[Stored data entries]
===

(* Let $\mathscr{A}$ be a finite alphabet, $\Xi\subseteq\mathscr{A}^{\mathbb{Z}}$ a subshift and $(\mathscr{G}_k)_{k\in\mathbb{N}}$ its GAP-graphs. (i) If $\Xi$ contains no periodic element, then for each $m\in\mathbb{N}$ there is $k_0\in\mathbb{N}$ such that for all $k\geq k_0$ the graph $\mathscr{G}_k$ has no closed path of length smaller than or equal to $m$; in particular the graphs $\mathscr{G}_k$ are simple for all sufficiently large $k$. (ii) If $\Xi$ contains an element $\eta$ of period $m$, then every $\mathscr{G}_k$ has a closed path of length $m$. (iii) If $\Xi=\mathrm{Orb}(\eta)$ where $\eta$ is periodic with period $m$, then $\mathscr{G}_k$ has no branching vertex for $k\geq m-1$.
   Context: $\mathscr{A}^{\mathbb{Z}}$ has the product topology and shift $(T\xi)(j)=\xi(j-1)$; a subshift is a non-empty closed $T$-invariant subset. $\eta$ is periodic if $T^n\eta=\eta$ for some $n\geq1$, and its period is the least such $n$; $\mathrm{Orb}(\eta)=\{T^n\eta:n\in\mathbb{Z}\}$. $\mathcal{D}(\Xi)$ is the set of finite subwords of elements of $\Xi$. The GAP-graph $\mathscr{G}_k$ has vertex set $\mathcal{D}(\Xi)\cap\mathscr{A}^k$, edge set $\mathcal{D}(\Xi)\cap\mathscr{A}^{k+1}$, edge $e=a_0\cdots a_k$ going from $\partial_0e=a_0\cdots a_{k-1}$ to $\partial_1e=a_1\cdots a_k$. A closed path of length $m$ is $(e_1,\dots,e_m)$ with $\partial_1e_i=\partial_0e_{i+1}$ and $\partial_1e_m=\partial_0e_1$. A graph is simple if no edge has equal origin and end and for any two vertices there is at most one edge from the first to the second. The degree of a vertex is its number of incoming plus outgoing edges; a vertex is dandling if it has only incoming or only outgoing edges; a vertex is branching if it is not dandling and has degree $>2$. *)

theory Defs
  imports "HOL-Analysis.Analysis"
begin

definition shift :: "(int \<Rightarrow> 'a) \<Rightarrow> (int \<Rightarrow> 'a)" where
  "shift \<xi> = (\<lambda>j. \<xi> (j - 1))"

definition config_top :: "(int \<Rightarrow> 'a) topology" where
  "config_top = product_topology (\<lambda>_. discrete_topology UNIV) UNIV"

definition subshift :: "(int \<Rightarrow> 'a) set \<Rightarrow> bool" where
  "subshift \<Xi> \<longleftrightarrow> \<Xi> \<noteq> {} \<and> closedin config_top \<Xi> \<and> shift ` \<Xi> = \<Xi>"

definition periodic :: "(int \<Rightarrow> 'a) \<Rightarrow> bool" where
  "periodic \<eta> \<longleftrightarrow> (\<exists>n\<ge>1. (shift ^^ n) \<eta> = \<eta>)"

definition has_period :: "(int \<Rightarrow> 'a) \<Rightarrow> nat \<Rightarrow> bool" where
  "has_period \<eta> m \<longleftrightarrow> m \<ge> 1 \<and> (shift ^^ m) \<eta> = \<eta> \<and> (\<forall>n. 1 \<le> n \<and> n < m \<longrightarrow> (shift ^^ n) \<eta> \<noteq> \<eta>)"

definition orbit :: "(int \<Rightarrow> 'a) \<Rightarrow> (int \<Rightarrow> 'a) set" where
  "orbit \<eta> = {\<xi>. \<exists>n::int. \<xi> = (\<lambda>j. \<eta> (j - n))}"
lemma lfingen_last_coord_kernel:
  assumes lc: "left_coherent R" and K: "lfingen R (freemod R (Suc n)) K"
  shows "lfingen R (freemod R n) {z \<in> K. z n = \<zero>\<^bsub>R\<^esub>}"
proof -
  have R: "ring R" using lc by (simp add: left_coherent_def)
  let ?F' = "freemod R (Suc n)" and ?RL = "ring_lmod R" and ?Kz = "{z \<in> K. z n = \<zero>\<^bsub>R\<^esub>}"
  have F': "lmod R ?F'" and RL: "lmod R ?RL" using freemod_lmod[OF R] ring_lmod_lmod[OF R] by auto
  obtain X where X: "finite X" "X \<subseteq> carrier ?F'" "K = lspan R ?F' X"
    using K unfolding lfingen_iff_lspan[OF F'] by blast
  have \<pi>: "(\<lambda>v. v n) \<in> lhom R ?F' ?RL" by (rule lhomI) (auto simp: freemod_simps)
  have "lfingen R ?RL ((\<lambda>v. v n) ` K)" by (rule lfingen_image[OF F' RL \<pi> K])
  hence "lfp R (?RL\<lparr>carrier := (\<lambda>v. v n) ` lspan R ?F' X\<rparr>)" using lc X(3) by (simp add: left_coherent_def)
  hence "lfingen R ?F' ?Kz" using lfingen_lspan_kernel[OF F' RL \<pi> X(1,2)] X(3) by simp
  moreover have "?Kz \<subseteq> carrier (freemod R n)"
  proof
    fix x assume "x \<in> ?Kz"
    hence x: "x \<in> carrier ?F'" "x n = \<zero>\<^bsub>R\<^esub>" using K lsubmod_subset by (auto simp: lfingen_def)
    have "x i = \<zero>\<^bsub>R\<^esub>" if "n \<le> i" for i
      using x that by (cases "i = n") (auto simp: freemod_simps)
    thus "x \<in> carrier (freemod R n)" using x(1) by (simp add: freemod_simps)
  qed
  moreover have "carrier (freemod R n) \<subseteq> carrier ?F'" by (auto simp: freemod_simps)
  ultimately have "lfingen R (?F'\<lparr>carrier := carrier (freemod R n)\<rparr>) ?Kz"
    by (rule lfingen_restrict_carrier)
  thus ?thesis by (subst freemod_Suc_restrict)
qed

text \<open>Extending \<phi> from K \<subseteq> R^(n+1) once it is extended on K \<inter> R^n: the difference of \<phi> and the
  partial extension factors through the last coordinate of K, a finitely presented left ideal I;
  by hypothesis the resulting map I \<rightarrow> M extends along I \<subseteq> R.\<close>

lemma freemod_extension_step:
  fixes M :: "('a,'m) module"
  assumes lc: "left_coherent R" and M: "lmod R M" and sub: "kerDefect_sub_kerEv R M"
    and K: "lfingen R (freemod R (Suc n)) K" and \<phi>: "\<phi> \<in> lhom R ((freemod R (Suc n))\<lparr>carrier := K\<rparr>) M"
    and \<beta>0: "\<beta>0 \<in> lhom R (freemod R n) M" "\<And>x. x \<in> K \<Longrightarrow> x n = \<zero>\<^bsub>R\<^esub> \<Longrightarrow> \<beta>0 x = \<phi> x"
  shows "\<exists>\<beta> \<in> lhom R (freemod R (Suc n)) M. \<forall>x\<in>K. \<beta> x = \<phi> x"
proof -
  have R: "ring R" using lc by (simp add: left_coherent_def)
  interpret M: lmodule R M by (rule lmodule.intro) fact
  let ?F' = "freemod R (Suc n)" and ?RL = "ring_lmod R"
  let ?Km = "?F'\<lparr>carrier := K\<rparr>" and ?Im = "?RL\<lparr>carrier := (\<lambda>v. v n) ` K\<rparr>"
  have F': "lmod R ?F'" and RL: "lmod R ?RL" using freemod_lmod[OF R] ring_lmod_lmod[OF R] by auto
  have Ks: "lsubmod R ?F' K" using K by (simp add: lfingen_def)
  have Kc: "K \<subseteq> carrier ?F'" using lsubmod_subset[OF Ks] .
  have Km: "lmod R ?Km" by (rule lsubmod_lmod[OF F' Ks])
  have \<pi>: "(\<lambda>v. v n) \<in> lhom R ?F' ?RL" by (rule lhomI) (auto simp: freemod_simps)
  have Ifp: "lfp R ?Im" using lc lfingen_image[OF F' RL \<pi> K] by (simp add: left_coherent_def)
  define P where "P v = (\<lambda>i. if i < n then v i else \<zero>\<^bsub>R\<^esub>)" for v :: "nat \<Rightarrow> 'a"
  have P: "P \<in> lhom R ?F' (freemod R n)" unfolding P_def by (rule lhomI) (auto simp: freemod_simps)
  have "(\<lambda>x. \<beta>0 (P x)) \<in> lhom R ?Km M" by (rule lhom_restrict[OF lhom_comp[OF P \<beta>0(1)] Kc])
  hence \<psi>: "(\<lambda>x. \<phi> x \<ominus>\<^bsub>M\<^esub> \<beta>0 (P x)) \<in> lhom R ?Km M" by (rule lhom_minus_map[OF M \<phi>])
  have P_id: "P x = x" if "x \<in> K" "x n = \<zero>\<^bsub>R\<^esub>" for x
  proof
    fix i show "P x i = x i"
      using that Kc by (cases "i < n"; cases "i = n") (auto simp: P_def freemod_simps)
  qed
  have van: "\<phi> x \<ominus>\<^bsub>M\<^esub> \<beta>0 (P x) = \<zero>\<^bsub>M\<^esub>" if "x \<in> carrier ?Km" "x n = \<zero>\<^bsub>?Im\<^esub>" for x
    using that P_id \<beta>0(2) lhom_closed[OF \<phi>] by (simp add: M.M.r_neg M.M.minus_eq)
  have \<pi>K: "(\<lambda>v. v n) \<in> lhom R ?Km ?Im" by (rule lhom_corestrict[OF lhom_restrict[OF \<pi> Kc]]) simp
  have Im: "lmod R ?Im" using Ifp by (simp add: lfp_def)
  have "\<exists>\<chi> \<in> lhom R ?Im M. \<forall>x\<in>carrier ?Km. \<chi> (x n) = \<phi> x \<ominus>\<^bsub>M\<^esub> \<beta>0 (P x)"
    by (rule lhom_factor_surj[OF Km Im M \<pi>K _ \<psi> van]) simp
  then obtain \<chi> where \<chi>: "\<chi> \<in> lhom R ?Im M" "\<forall>x\<in>K. \<chi> (x n) = \<phi> x \<ominus>\<^bsub>M\<^esub> \<beta>0 (P x)"
    by auto
  have incl: "(\<lambda>x. x) \<in> lhom R ?Im ?RL"
    by (rule lhom_from_corestrict[OF lhom_id]) (use lhom_closed[OF \<pi>] Kc in auto)
  have "\<exists>\<chi>' \<in> lhom R ?RL M. \<forall>x\<in>carrier ?Im. \<chi>' x = \<chi> x"
    by (rule kerDefect_sub_kerEv_extend[OF sub Ifp ring_lmod_lfp[OF lc] incl _ \<chi>(1)])
      (simp add: defect_zero_def)
  then obtain \<chi>' where \<chi>': "\<chi>' \<in> lhom R ?RL M" "\<forall>x\<in>carrier ?Im. \<chi>' x = \<chi> x" by blast
  have "(\<lambda>v. \<beta>0 (P v) \<oplus>\<^bsub>M\<^esub> \<chi>' (v n)) \<in> lhom R ?F' M"
    by (rule lhom_add_map[OF M lhom_comp[OF P \<beta>0(1)] lhom_comp[OF \<pi> \<chi>'(1)]])
  moreover have "\<forall>x\<in>K. \<beta>0 (P x) \<oplus>\<^bsub>M\<^esub> \<chi>' (x n) = \<phi> x"
  proof
    fix x assume x: "x \<in> K"
    have "\<chi>' (x n) = \<phi> x \<ominus>\<^bsub>M\<^esub> \<beta>0 (P x)" using x \<chi>(2) \<chi>'(2) by simp
    moreover have "\<phi> x \<in> carrier M" "\<beta>0 (P x) \<in> carrier M"
      using x Kc lhom_closed[OF \<phi>] lhom_closed[OF lhom_comp[OF P \<beta>0(1)]] by auto
    ultimately show "\<beta>0 (P x) \<oplus>\<^bsub>M\<^esub> \<chi>' (x n) = \<phi> x" by (simp add: M.M.add_minus_cancel)
  qed
  ultimately show ?thesis by (intro bexI[of _ "\<lambda>v. \<beta>0 (P v) \<oplus>\<^bsub>M\<^esub> \<chi>' (v n)"])
qed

===

Task goal: Once you reach the line with "by (rule kerDefect_sub_kerEv_extend[OF" in the data above, copy it and every line after it exactly, up to and including the line with "n)) \<in> lhom".

Reply to the task:
    by (rule kerDefect_sub_kerEv_extend[OF sub Ifp ring_lmod_lfp[OF lc] incl _ \<chi>(1)])
      (simp add: defect_zero_def)
  then obtain \<chi>' where \<chi>': "\<chi>' \<in> lhom R ?RL M" "\<forall>x\<in>carrier ?Im. \<chi>' x = \<chi> x" by blast
  have "(\<lambda>v. \<beta>0 (P v) \<oplus>\<^bsub>M\<^esub> \<chi>' (v n)) \<in> lhom R ?F' M"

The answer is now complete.